[Date Prev][Date Next][Thread Prev][Thread Next][Date Index][Thread Index]

[HTCondor-users] Do Starters stop responding if they are queued for i/o?



Hi Todd,

I have some evidence (it's not conclusive) that if a Starter ends up queued to transfer data back to a shadow for a long period of time (i.e. in q> state because of low limits and high load on incoming condor file i/o), then the Starter can stop responding to the "are you alive" queries from the Startd and gets hard killed. The job then gets rescheduled. Here's the relevant parts of the user log, StartLog and StarterLog. The user job exits with a checkpoint at 04/03/19 18:32:31, and is waiting to transfer it's checkpoint back to the busy schedd machine.
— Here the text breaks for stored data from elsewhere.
(* A collective choice problem $\mathcal C$ is Finitely Approximable if and only if it satisfies Thin Individual Indifference.
   Context: Collective choice problem $\mathcal C$: players $i\in N\cup\{A\}$ (voters $N$ and agenda setter $A$) with complete, transitive, continuous preferences $\succsim_i$ on a compact metrizable policy space $X$ with metric $d$. $d(x,B)=\inf_{y\in B}d(x,y)$. A generic $\epsilon$-grid is a finite set $X_\epsilon\subseteq X$ with $\max_{x\in X}d(x,X_\epsilon)<\epsilon$ such that every player's preference is antisymmetric on $X_\epsilon$. $\mathcal C$ is Finitely Approximable if for every $x\in X$ and $\epsilon>0$ there is a generic $\epsilon$-grid containing $x$. With $I_i(x)=\{y\in X: y\sim_i x\}$, $\mathcal C$ satisfies Thin Individual Indifference if $I_i(x)\setminus\{x\}$ has empty interior for every player $i$ and every $x\in X$. *)

theory Defs
  imports "HOL-Analysis.Analysis"
begin

text \<open>Players: voters N (finite) plus agenda setter A; the player set is insert A N.
  Preference of player i: R i x y means x \<succeq>_i y.\<close>

definition complete_pref :: "'a set \<Rightarrow> ('a \<Rightarrow> 'a \<Rightarrow> bool) \<Rightarrow> bool" where
  "complete_pref X r \<longleftrightarrow> (\<forall>x\<in>X. \<forall>y\<in>X. r x y \<or> r y x)"

definition transitive_pref :: "'a set \<Rightarrow> ('a \<Rightarrow> 'a \<Rightarrow> bool) \<Rightarrow> bool" where
  "transitive_pref X r \<longleftrightarrow> (\<forall>x\<in>X. \<forall>y\<in>X. \<forall>z\<in>X. r x y \<and> r y z \<longrightarrow> r x z)"

definition continuous_pref :: "'a::topological_space set \<Rightarrow> ('a \<Rightarrow> 'a \<Rightarrow> bool) \<Rightarrow> bool" where
  "continuous_pref X r \<longleftrightarrow>
     (\<forall>x\<in>X. closedin (top_of_set X) {y\<in>X. r y x} \<and> closedin (top_of_set X) {y\<in>X. r x y})"

definition collective_choice_problem ::
  "'a::metric_space set \<Rightarrow> 'p set \<Rightarrow> 'p \<Rightarrow> ('p \<Rightarrow> 'a \<Rightarrow> 'a \<Rightarrow> bool) \<Rightarrow> bool" where
  "collective_choice_problem X N A R \<longleftrightarrow>
     compact X \<and> finite N \<and>
     (\<forall>i\<in>insert A N. complete_pref X (R i) \<and> transitive_pref X (R i) \<and> continuous_pref X (R i))"

definition generic_grid ::
  "'a::metric_space set \<Rightarrow> 'p set \<Rightarrow> 'p \<Rightarrow> ('p \<Rightarrow> 'a \<Rightarrow> 'a \<Rightarrow> bool) \<Rightarrow> real \<Rightarrow> 'a set \<Rightarrow> bool" where
  "generic_grid X N A R \<epsilon> G \<longleftrightarrow>
     finite G \<and> G \<subseteq> X \<and> (\<forall>x\<in>X. infdist x G < \<epsilon>) \<and>
     (\<forall>i\<in>insert A N. \<forall>x\<in>G. \<forall>y\<in>G. R i x y \<and> R i y x \<longrightarrow> x = y)"

definition finitely_approximable ::
  "'a::metric_space set \<Rightarrow> 'p set \<Rightarrow> 'p \<Rightarrow> ('p \<Rightarrow> 'a \<Rightarrow> 'a \<Rightarrow> bool) \<Rightarrow> bool" where
  "finitely_approximable X N A R \<longleftrightarrow>
     (\<forall>x\<in>X. \<forall>\<epsilon>>0. \<exists>G. generic_grid X N A R \<epsilon> G \<and> x \<in> G)"

definition indiff_set :: "'a set \<Rightarrow> ('a \<Rightarrow> 'a \<Rightarrow> bool) \<Rightarrow> 'a \<Rightarrow> 'a set" where
  "indiff_set X r x = {y\<in>X. r y x \<and> r x y}"

definition thin_individual_indifference ::
  "'a::metric_space set \<Rightarrow> 'p set \<Rightarrow> 'p \<Rightarrow> ('p \<Rightarrow> 'a \<Rightarrow> 'a \<Rightarrow> bool) \<Rightarrow> bool" where
  "thin_individual_indifference X N A R \<longleftrightarrow>
     (\<forall>i\<in>insert A N. \<forall>x\<in>X. (top_of_set X) interior_of (indiff_set X (R i) x - {x}) = {})"

end

theory Submission
  imports Defs
begin

text \<open>Necessity: a nonempty open set of points indifferent to, but distinct from, \<open>x\<close> must
  meet every sufficiently fine grid containing \<open>x\<close>, destroying antisymmetry on the grid.
  Sufficiency: cover \<open>X\<close> by finitely many \<open>\<epsilon>/2\<close>-balls and pick one grid point in each ball,
  one at a time. Each new point must avoid the sets \<open>I\<^sub>i(p) - {p}\<close> for the finitely many
  players \<open>i\<close> and points \<open>p\<close> already chosen. Each \<open>I\<^sub>i(p)\<close> is closed by continuity and,
  by thin indifference, \<open>I\<^sub>i(p) - {p}\<close> has empty interior, so deleting it from a nonempty
  open set leaves a nonempty open set.\<close>

lemma infdist_less_imp_dist_less:
  assumes "G \<noteq> {}" "infdist y G < e"
  obtains g where "g \<in> G" "dist y g < e"
proof -
  have "bdd_below (dist y ` G)"
    by (rule bdd_belowI[of _ 0]) auto
  then show ?thesis
    using assms that by (auto simp: infdist_notempty cINF_less_iff)
qed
Any ideas? Is this possible?

Cheers,
Duncan.

006 (6083422.000.000) 04/03 18:29:42 Image size of job updated: 12500000
	12020  -  MemoryUsage of job (MB)
	12307696  -  ResidentSetSize of job (KB)
...
022 (6083422.000.000) 04/03 19:24:20 Job disconnected, attempting to reconnect
    Socket between submit and execute hosts closed unexpectedly
    Trying to reconnect to slot1@CRUSH-SUGWG-10-5-138-36 <10.5.138.36:9618?addrs=10.5.138.36-9618&noUDP&sock=2000_6980_3>
...
024 (6083422.000.000) 04/03 19:24:22 Job reconnection failed
    Job not found at execution machine
    Can not reconnect to slot1@CRUSH-SUGWG-10-5-138-36, rescheduling job
...


04/03/19 19:24:20 ERROR: Child pid 3999 appears hung! Killing it hard.
04/03/19 19:24:20 Starter pid 3999 died on signal 9 (signal 9 (Killed))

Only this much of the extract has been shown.